I bring this up as you could possibly find some good deals on NOS SS-HM frames or if you are willing to go used, could probably score one around the $1000 range. Another option, which I would highly recommend is look for a BB30 SystemSix frame. You could easily get one of those for $500 and have a great ride. But if you are looking for new, I completely understand. 

I guess in summary I would say leave the CAAD9 the way it is and use it for your bad weather/commuter bike and get a new frame like a SuperSix if you have the funds. That way you always have one bike incase you have a mechanical issue or if the bike is in the shop for some work. Best of both worlds.


----------



## caad9er (Oct 25, 2011)

Ultrasaurus said:


> Test ride an Evo and see if it's something you'd like. Getting an Evo or a standard Supersix has crossed my mind more than a few times as well. That said, I just put Campy Record on my CAAD9, and I couldn't be happier with it. I have absolutely loved the bike from day 1, so it was worth it for me. The great thing about the CAAD9 is that Cannondale deems it worthy of putting the highest end components on, which is something you won't get with many other similarly priced bikes.

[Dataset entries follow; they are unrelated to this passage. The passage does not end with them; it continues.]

text \<open>Half of the Gram matrix of the dual vectors \<open>z j\<close>, spent on the isotropic \<open>u p\<close>, corrects
  them into a totally isotropic family without changing their pairing with the \<open>u l\<close>.\<close>
lemma isotropic_correction:
  assumes ind: "lin_indep k (u :: nat \<Rightarrow> complex^'n::finite)" and I: "I \<subseteq> {..<k}"
    and orth: "\<And>l p. l < k \<Longrightarrow> p \<in> I \<Longrightarrow> bil (u l) (u p) = 0"
  shows "\<exists>y. (\<forall>l<k. \<forall>j. bil (u l) (y j) = (if l = j \<and> j \<in> I then 1 else 0))
           \<and> (\<forall>j m. bil (y j) (y m) = 0)"
proof -
  obtain z where z: "\<And>j l. j < k \<Longrightarrow> l < k \<Longrightarrow> bil (u l) (z j) = (if l = j then 1 else 0)"
    using lin_indep_dual[OF ind] by blast
  have fin: "finite I" using I finite_subset by blast
  define S where "S j = (\<Sum>p\<in>I. bil (z j) (z p) *s u p)" for j
  define y where "y j = (if j \<in> I then z j - (1/2) *s S j else 0)" for j
  have uS: "bil (u l) (S j) = 0" if "l < k" for l j
    unfolding S_def bil_sum_right bil_scale_right using orth[OF that] by simp
  have zS: "bil (z j) (S m) = bil (z m) (z j)" if "j \<in> I" for j m
  proof -
    have "bil (z j) (u p) = (if p = j then 1 else 0)" if "p \<in> I" for p
      using z[of j p] I that \<open>j \<in> I\<close> by (auto simp: bil_commute[of "z j" "u p"] subset_iff)
    then have "bil (z j) (S m) = (\<Sum>p\<in>I. bil (z m) (z p) * (if p = j then 1 else 0))"
      unfolding S_def bil_sum_right bil_scale_right by (intro sum.cong refl) auto
    also have "\<dots> = bil (z m) (z j)" using that fin by (simp add: if_distrib cong: if_cong)
    finally show ?thesis .
  qed
  have SS: "bil (S j) (S m) = 0" for j m
    unfolding S_def[of j] bil_sum_left bil_scale_left
    using I uS by (intro sum.neutral) (auto simp: subset_iff)
  have "bil (u l) (y j) = (if l = j \<and> j \<in> I then 1 else 0)" if "l < k" for l j
    using that z[of j l] uS[OF that, of j] I
    by (auto simp: y_def bil_diff_right bil_scale_right)
  moreover have "bil (y j) (y m) = 0" for j m
  proof (cases "j \<in> I \<and> m \<in> I")
    case True
    then have "bil (y j) (y m) = bil (z j) (z m) - (1/2) * bil (z j) (S m)
        - (1/2) * bil (S j) (z m) + (1/4) * bil (S j) (S m)"
      by (simp add: y_def bil_linear algebra_simps)
    also have "\<dots> = 0" using True zS[of j m] zS[of m j] SS[of j m]
      by (simp add: bil_commute[of "S j" "z m"] bil_commute[of "z m" "z j"])
    finally show ?thesis .
  qed (auto simp: y_def)
  ultimately show ?thesis by blast
qed

lemma lin_indep_orth_perturb:
  assumes "lin_indep_orth k (u :: nat \<Rightarrow> complex^'n::finite)"
  shows "\<exists>y. \<forall>\<epsilon>. \<epsilon> \<noteq> 0 \<longrightarrow> orth_nonisotropic k (\<lambda>j. u j + \<epsilon> *s y j)"
proof -
  have ind: "lin_indep k u"
    and orth: "\<And>i j. i < k \<Longrightarrow> j < k \<Longrightarrow> i \<noteq> j \<Longrightarrow> bil (u i) (u j) = 0"
    using assms unfolding lin_indep_orth_iff by blast+
  define I where "I = {j. j < k \<and> bil (u j) (u j) = 0}"
  have "bil (u l) (u p) = 0" if "l < k" "p \<in> I" for l p
    using that orth[of l p] unfolding I_def by (cases "l = p") auto
  then obtain y where
    uy: "\<And>l j. l < k \<Longrightarrow> bil (u l) (y j) = (if l = j \<and> j \<in> I then 1 else 0)" and
    yy: "\<And>j m. bil (y j) (y m) = 0"
    using isotropic_correction[OF ind, of I] unfolding I_def by blast
  have gram: "bil (u j + \<epsilon> *s y j) (u m + \<epsilon> *s y m)
      = bil (u j) (u m) + (if j = m \<and> j \<in> I then 2 * \<epsilon> else 0)"
    if "j < k" "m < k" for j m \<epsilon>
  proof -
    have "bil (u j + \<epsilon> *s y j) (u m + \<epsilon> *s y m) = bil (u j) (u m)
        + \<epsilon> * bil (u j) (y m) + \<epsilon> * bil (u m) (y j) + \<epsilon> * \<epsilon> * bil (y j) (y m)"
      by (simp add: bil_linear bil_commute[of "y j" "u m"] algebra_simps)
    then show ?thesis using uy[OF that(1), of m] uy[OF that(2), of j] yy[of j m] by auto
  qed
  show ?thesis
  proof (intro exI allI impI)
    fix \<epsilon> :: complex assume "\<epsilon> \<noteq> 0"
    then show "orth_nonisotropic k (\<lambda>j. u j + \<epsilon> *s y j)"
      unfolding orth_nonisotropic_def using gram orth by (auto simp: I_def)
  qed
qed

lemma ODECO_subset_closure_OT: "ODECO \<subseteq> closure OT"
proof
  fix T :: "'n::finite tensor3" assume "T \<in> ODECO"
  then obtain k u v w where uvw: "lin_indep_orth k u" "lin_indep_orth k v" "lin_indep_orth k w"
    and T: "T = (\<Sum>j<k. outer3 (u j) (v j) (w j))"
    unfolding ODECO_def by blast
  have k: "k \<le> CARD('n)" using lin_indep_le_card uvw(1) unfolding lin_indep_orth_iff by blast
  obtain yu where yu: "\<And>\<epsilon>. \<epsilon> \<noteq> 0 \<Longrightarrow> orth_nonisotropic k (\<lambda>j. u j + \<epsilon> *s yu j)"
    using lin_indep_orth_perturb[OF uvw(1)] by blast
  obtain yv where yv: "\<And>\<epsilon>. \<epsilon> \<noteq> 0 \<Longrightarrow> orth_nonisotropic k (\<lambda>j. v j + \<epsilon> *s yv j)"
    using lin_indep_orth_perturb[OF uvw(2)] by blast
  obtain yw where yw: "\<And>\<epsilon>. \<epsilon> \<noteq> 0 \<Longrightarrow> orth_nonisotropic k (\<lambda>j. w j + \<epsilon> *s yw j)"
    using lin_indep_orth_perturb[OF uvw(3)] by blast
  define e :: "nat \<Rightarrow> complex" where "e m = 1 / of_nat (Suc m)" for m
  have e0: "e m \<noteq> 0" for m unfolding e_def by (simp del: of_nat_Suc)
  have e_lim: "e \<longlonglongrightarrow> 0" unfolding e_def using LIMSEQ_Suc[OF lim_1_over_n] by simp
  define f where
    "f m = (\<Sum>j<k. outer3 (u j + e m *s yu j) (v j + e m *s yv j) (w j + e m *s yw j))" for m
  have "f m \<in> OT" for m
    unfolding f_def by (rule orth_nonisotropic_sum_in_OT[OF k yu[OF e0] yv[OF e0] yw[OF e0]])
  moreover have "f \<longlonglongrightarrow> T"
  proof (intro vec_tendstoI)
    fix a b c
    have "((\<lambda>m. \<Sum>j<k. (u j $ a + e m * yu j $ a) * (v j $ b + e m * yv j $ b)
                       * (w j $ c + e m * yw j $ c))
        \<longlongrightarrow> (\<Sum>j<k. (u j $ a + 0 * yu j $ a) * (v j $ b + 0 * yv j $ b)
                  * (w j $ c + 0 * yw j $ c))) sequentially"
      by (intro tendsto_intros e_lim)
    then show "((\<lambda>m. f m $ a $ b $ c) \<longlongrightarrow> T $ a $ b $ c) sequentially"
      unfolding f_def T sum_component outer3_def by simp
  qed
  ultimately show "T \<in> closure OT" unfolding closure_sequential by blast
qed

lemma diag_form_axis: "diag_form \<alpha> x (axis m 1) (axis m 1) = \<alpha> $ m * x $ m"
  unfolding diag_form_def axis_def by (simp add: if_distrib[of "(*) _"] cong: if_cong)

text \<open>Pairing with the rows \<open>B $ m\<close>, \<open>C $ m\<close> shows \<open>\<alpha> $ m * A $ m\<close> to be a multiple of the
  isotropic \<open>u\<close>; as \<open>A $ m\<close> has square \<open>1\<close>, this forces \<open>\<alpha> $ m\<^sup>2 = 0\<close>.\<close>
lemma isotropic_outer3_in_OT_imp_zero:
  assumes u: "bil u u = 0" and "outer3 u v w \<in> OT"
  shows "outer3 u v w = 0"
proof -
  obtain A B C \<alpha> where ABC: "corthogonal A" "corthogonal B" "corthogonal C"
    and tr: "\<And>x y z. trilin (outer3 u v w) x y z = diag_form \<alpha> (A *v x) (B *v y) (C *v z)"
    using assms(2) unfolding OT_def by blast
  have \<alpha>0: "\<alpha> $ m = 0" for m
  proof -
    define \<beta> where "\<beta> = bil v (B $ m) * bil w (C $ m)"
    have lin: "\<alpha> $ m * bil (A $ m) x = bil u x * \<beta>" for x
      using tr[of x "B $ m" "C $ m"]
      by (simp add: corthogonal_mult_row ABC diag_form_axis matrix_vector_mult_component_bil
          trilin_outer3 \<beta>_def mult_ac)
    have "\<alpha> $ m = bil u (A $ m) * \<beta>"
      using lin[of "A $ m"] ABC(1) by (simp add: corthogonal_iff_rows)
    then have "\<alpha> $ m * \<alpha> $ m = (\<alpha> $ m * bil (A $ m) u) * \<beta>"
      by (simp add: bil_commute[of u] mult_ac)
    also have "\<dots> = 0" using lin[of u] u by simp
    finally show ?thesis by simp
  qed
  have "trilin (outer3 u v w) x y z = trilin 0 x y z" for x y z
    unfolding tr by (simp add: diag_form_def \<alpha>0)
  then show ?thesis by (rule tensor_eqI)
qed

Yeah, upgrading is kind of pressing on my mind. Just found a 2012 Sram Red group for $1350. Not sure about any downsides ordering from the UK (I'm in the US).

http://www.merlincycles.com/bike-sh...s-road-bike/2012-sram-red-black-groupset.html



tranzformer said:


> I guess in summary I would say leave the CAAD9 the way it is and use it for your bad weather/commuter bike and get a new frame like a SuperSix if you have the funds. That way you always have one bike incase you have a mechanical issue or if the bike is in the shop for some work. Best of both worlds.


Yep, that's the dilemma. Really want a new higher end bike so a new supersix looks inviting, but I'm kind of bummed they don't have the new 2012 red group. I kind of think having a caad and a supersix is somewhat redundant. Seems like I need something besides just a carbon version of a caad but the evo is actually a good deal for what you get.


----------



## tranzformer (Dec 27, 2007)

caad9er said:


> Yep, that's the dilemma. Really want a new higher end bike so a new supersix looks inviting, but I'm kind of bummed they don't have the new 2012 red group. I kind of think having a caad and a supersix is somewhat redundant. Seems like I need something besides just a carbon version of a caad but the evo is actually a good deal for what you get.



Fair enough. If you are set on a Evo with the new Red I guess you have two options. Wait until the 2013's are released later this year or buy a frame and build it up with the new Red on your own. 

Are you on a team that is sponsored by Cannondale by any chance? If you are, you could theoretically build up the bike with the Sram red from the link you posted for ~$3500 minus wheels (assuming you already have wheels with your current CAAD9). Also depends how fancy you want to go with the saddle, seatpost and stem/bars.


----------



## caad9er (Oct 25, 2011)

No, not sponsored. Don't even race. Just love riding and the caad is certainly fun. Just want more fun. Two bikes is more fun. A more hot bike is more fun. Me 10lbs lighter and 10 years younger is more fun. I've asked Hawking about turning back time but until he gets back to me it's a bike issue


----------



## tranzformer (Dec 27, 2007)

^ haha nice. If you aren't in a rush for the 2nd bike, I say wait for Cannondale to release the '13 lineup. If you splurge now, you will probably only regret it later on when you can get the bike exactly as you want it.


----------



## caad9er (Oct 25, 2011)

tranzformer said:


> ^ haha nice. If you aren't in a rush for the 2nd bike, I say wait for Cannondale to release the '13 lineup. If you splurge now, you will probably only regret it later on when you can get the bike exactly as you want it.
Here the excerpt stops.